How can i sort strings contains numbers in java ? Example : abc12,abc2,xyz3,pqr23,pqr99,wer12
need to get abc2,abc12,pqr23,pqr99,wer12
i tried with comparator but can only compare that of numbers need to compare both strings and numbers . please help me. Thanks
如何在java中对包含数字的字符串进行排序?例如:abc12,abc2,xyz3,pqr23,pqr99,wer12需要得到abc2,abc12,pqr23,pqr99,wer12我尝试用比较器但只能比较数字需要比较字符串和数字。请帮我。谢谢
3 个解决方案
#1
2
If you have always the format (lettersNumbers
), you can use this regex (taken from here and slightly modified) :
如果您始终使用格式(lettersNumbers),则可以使用此正则表达式(从此处获取并略微修改):
private static final String PATTERN = "[^a-z0-9]+|(?<=[a-z])(?=[0-9])|(?<=[0-9])(?=[a-z])";
public static void main(String[] args) {
List<String> l = Arrays.asList("abc12","abc2","xyz3","pqr23","pqr99","wer12");
Collections.sort(l, new Comparator<String>(){
@Override
public int compare(String arg0, String arg1) {
String [] arr0 = arg0.split(PATTERN);
String [] arr1 = arg1.split(PATTERN);
int cmp = arr0[0].compareTo(arr1[0]);
return cmp != 0 ? cmp : Integer.compare(Integer.parseInt(arr0[1]), Integer.parseInt(arr1[1]));
}
});
System.out.println(l);
}
Output :
[abc2, abc12, pqr23, pqr99, wer12, xyz3]
#2
1
Use natural sorting:
使用自然分类:
package org.cougaar.util;
import java.util.Comparator;
/**
* A sorting comparator to sort strings numerically,
* ie [1, 2, 10], as opposed to [1, 10, 2].
*/
public final class NaturalOrderComparator<T> implements Comparator<T> {
public static final Comparator<String> NUMERICAL_ORDER = new NaturalOrderComparator<String>(false);
public static final Comparator<String> CASEINSENSITIVE_NUMERICAL_ORDER = new NaturalOrderComparator<String>(true);
private final boolean caseInsensitive;
private NaturalOrderComparator(boolean caseInsensitive) {
this.caseInsensitive = caseInsensitive;
}
int compareRight(String a, String b) {
int bias = 0;
int ia = 0;
int ib = 0;
// The longest run of digits wins.

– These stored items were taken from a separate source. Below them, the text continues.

(* Let $G$ be a bipartite permutation graph and let $M$ be a matching in $G$. The following are equivalent: (i) $M$ is uniquely restricted; (ii) there is no alternating cycle of length 4 with respect to $M$ in $G$; (iii) for any two edges $e,e'\in M$, $\{e,e'\}$ is a uniquely restricted matching in $G$.
   Context: Graphs are finite, simple, undirected. For a permutation $\pi$ of $\{1,\dots,n\}$, $G_\pi$ has vertex set $\{1,\dots,n\}$ and edges $ij$ with $(i-j)(\pi(i)-\pi(j))<0$; a permutation graph is a graph isomorphic to some $G_\pi$, and a bipartite permutation graph is a bipartite permutation graph. A matching is a set of pairwise vertex-disjoint edges; it is uniquely restricted if no other matching of $G$ matches exactly the same vertex set. An alternating cycle with respect to $M$ is an even cycle of $G$ in which every second edge belongs to $M$. *)

theory Defs
  imports Main
begin

definition graph :: "'a set \<Rightarrow> 'a set set \<Rightarrow> bool" where
  "graph V E \<longleftrightarrow> finite V \<and> (\<forall>e\<in>E. \<exists>u v. e = {u, v} \<and> u \<noteq> v \<and> u \<in> V \<and> v \<in> V)"

definition perm_edges :: "nat \<Rightarrow> (nat \<Rightarrow> nat) \<Rightarrow> nat set set" where
  "perm_edges n \<pi> = {{i, j} | i j. i \<in> {1..n} \<and> j \<in> {1..n} \<and>
      (int i - int j) * (int (\<pi> i) - int (\<pi> j)) < 0}"

definition permutation_graph :: "'a set \<Rightarrow> 'a set set \<Rightarrow> bool" where
  "permutation_graph V E \<longleftrightarrow> graph V E \<and>
     (\<exists>n \<pi> f. bij_betw \<pi> {1..n} {1..n} \<and> bij_betw f V {1..n} \<and>
        (\<forall>u\<in>V. \<forall>v\<in>V. {u, v} \<in> E \<longleftrightarrow> {f u, f v} \<in> perm_edges n \<pi>))"

definition bipartite :: "'a set \<Rightarrow> 'a set set \<Rightarrow> bool" where
  "bipartite V E \<longleftrightarrow> (\<exists>A B. A \<union> B = V \<and> A \<inter> B = {} \<and>
      (\<forall>e\<in>E. card (e \<inter> A) = 1 \<and> card (e \<inter> B) = 1))"

definition bipartite_permutation_graph :: "'a set \<Rightarrow> 'a set set \<Rightarrow> bool" where
  "bipartite_permutation_graph V E \<longleftrightarrow> permutation_graph V E \<and> bipartite V E"

definition matching :: "'a set set \<Rightarrow> 'a set set \<Rightarrow> bool" where
  "matching E M \<longleftrightarrow> M \<subseteq> E \<and> (\<forall>e\<in>M. \<forall>e'\<in>M. e \<noteq> e' \<longrightarrow> e \<inter> e' = {})"

definition uniquely_restricted :: "'a set set \<Rightarrow> 'a set set \<Rightarrow> bool" where
  "uniquely_restricted E M \<longleftrightarrow> matching E M \<and>
     (\<forall>M'. matching E M' \<and> \<Union>M' = \<Union>M \<longrightarrow> M' = M)"

text \<open>An alternating cycle w.r.t. M, given by its distinct vertex list cs = [v_0,...,v_(k-1)]
  with edges {v_i, v_(i+1 mod k)}: even length (at least 4), all edges in E,
  and every second edge (those at even positions) in M.\<close>
definition alternating_cycle :: "'a set set \<Rightarrow> 'a set set \<Rightarrow> 'a list \<Rightarrow> bool" where
  "alternating_cycle E M cs \<longleftrightarrow> distinct cs \<and> even (length cs) \<and> length cs \<ge> 4 \<and>
     (\<forall>i < length cs. {cs ! i, cs ! ((i + 1) mod length cs)} \<in> E) \<and>
     (\<forall>i < length cs. even i \<longrightarrow> {cs ! i, cs ! ((i + 1) mod length cs)} \<in> M)"

end

theory Submission
  imports Defs
begin

text \<open>
  Represent the bipartite permutation graph by two injective coordinates X and Y (the positions
  of a vertex in the two rows of the permutation diagram), so that two vertices are adjacent iff
  X and Y order them oppositely. Being bipartite, the graph is triangle-free, hence all neighbours
  of a vertex lie on the same side of it in X.

  Swapping the two matching edges of an alternating 4-cycle gives a different matching on the same
  vertices, so a uniquely restricted matching has no such cycle. Conversely, let M' \<noteq> M cover
  the same vertices as M and call u a rematched left end if its M-partner l lies to its right and
  differs from its M'-partner l'. Such vertices exist; take a leftmost one, u. The M'-partner of l
  and the M-partner of l' are again rematched left ends, both to the right of u, and comparing
  their positions in X exhibits an alternating 4-cycle through the M-edge {u, l}.
  Condition (iii) is equivalent to (ii) because an alternating 4-cycle uses only two edges of M.
\<close>

lemma graph_edge_vertices:
  assumes "graph V E" "{u, v} \<in> E"
  shows "u \<in> V \<and> v \<in> V \<and> u \<noteq> v"
  using assms unfolding graph_def by (fastforce simp: doubleton_eq_iff)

That aside, the greatest
// value wins, but we can't know that it will until we've scanned
// both numbers to know that they have the same magnitude, so we
// remember it in BIAS.
for (;; ia++, ib++) {
char ca = charAt(a, ia);
char cb = charAt(b, ib);
if (!Character.isDigit(ca) && !Character.isDigit(cb)) {
return bias;
} else if (!Character.isDigit(ca)) {
return -1;
} else if (!Character.isDigit(cb)) {
return +1;
} else if (ca < cb) {
if (bias == 0) {
bias = -1;
}
} else if (ca > cb) {
if (bias == 0)
bias = +1;
} else if (ca == 0 && cb == 0) {
return bias;
}
}
}
public int compare(T o1, T o2) {
String a = o1.toString();
String b = o2.toString();
int ia = 0, ib = 0;
int nza = 0, nzb = 0;
char ca, cb;
int result;
while (true) {
// only count the number of zeroes leading the last number compared
nza = nzb = 0;
ca = charAt(a, ia);
cb = charAt(b, ib);
// skip over leading zeros
while (ca == '0') {
if (ca == '0') {
nza++;
} else {
// only count consecutive zeroes
nza = 0;
}
// if the next character isn't a digit, then we've had a run of only zeros
// we still need to treat this as a 0 for comparison purposes
if (!Character.isDigit(charAt(a, ia+1)))
break;
ca = charAt(a, ++ia);
}
while (cb == '0') {
if (cb == '0') {
nzb++;
} else {
// only count consecutive zeroes
nzb = 0;
}
// if the next character isn't a digit, then we've had a run of only zeros
// we still need to treat this as a 0 for comparison purposes
if (!Character.isDigit(charAt(b, ib+1)))
break;
cb = charAt(b, ++ib);
}
// process run of digits
if (Character.isDigit(ca) && Character.isDigit(cb)) {
if ((result = compareRight(a.substring(ia), b
.substring(ib))) != 0) {
return result;
}
}
if (ca == 0 && cb == 0) {
// The strings compare the same. Perhaps the caller
// will want to call strcmp to break the tie.
return nza - nzb;
}
if (ca < cb) {
return -1;
} else if (ca > cb) {
return +1;
}
++ia;
++ib;
}
}
private char charAt(String s, int i) {
if (i >= s.length()) {
return 0;
} else {
return caseInsensitive ? Character.toUpperCase(s.charAt(i)) : s.charAt(i);
}
}
}
#3
1
EDIT
One way of doing it in a simplistic manner would be pad the numbers with preceeding zeroes. so, say if you have strings such as
以简单方式执行此操作的一种方法是使用前面的零填充数字。所以,如果你有字符串,比如说
abc1
abc10
abc100
You parse your strings and pad the strings which have numbers occupy the same space. so your strings would become
您解析字符串并填充具有数字占用相同空间的字符串。所以你的字符串会变成
abc001
abc010
abc100
Now, just sort them, and the natural ordering should sort them beautifully without a hassle.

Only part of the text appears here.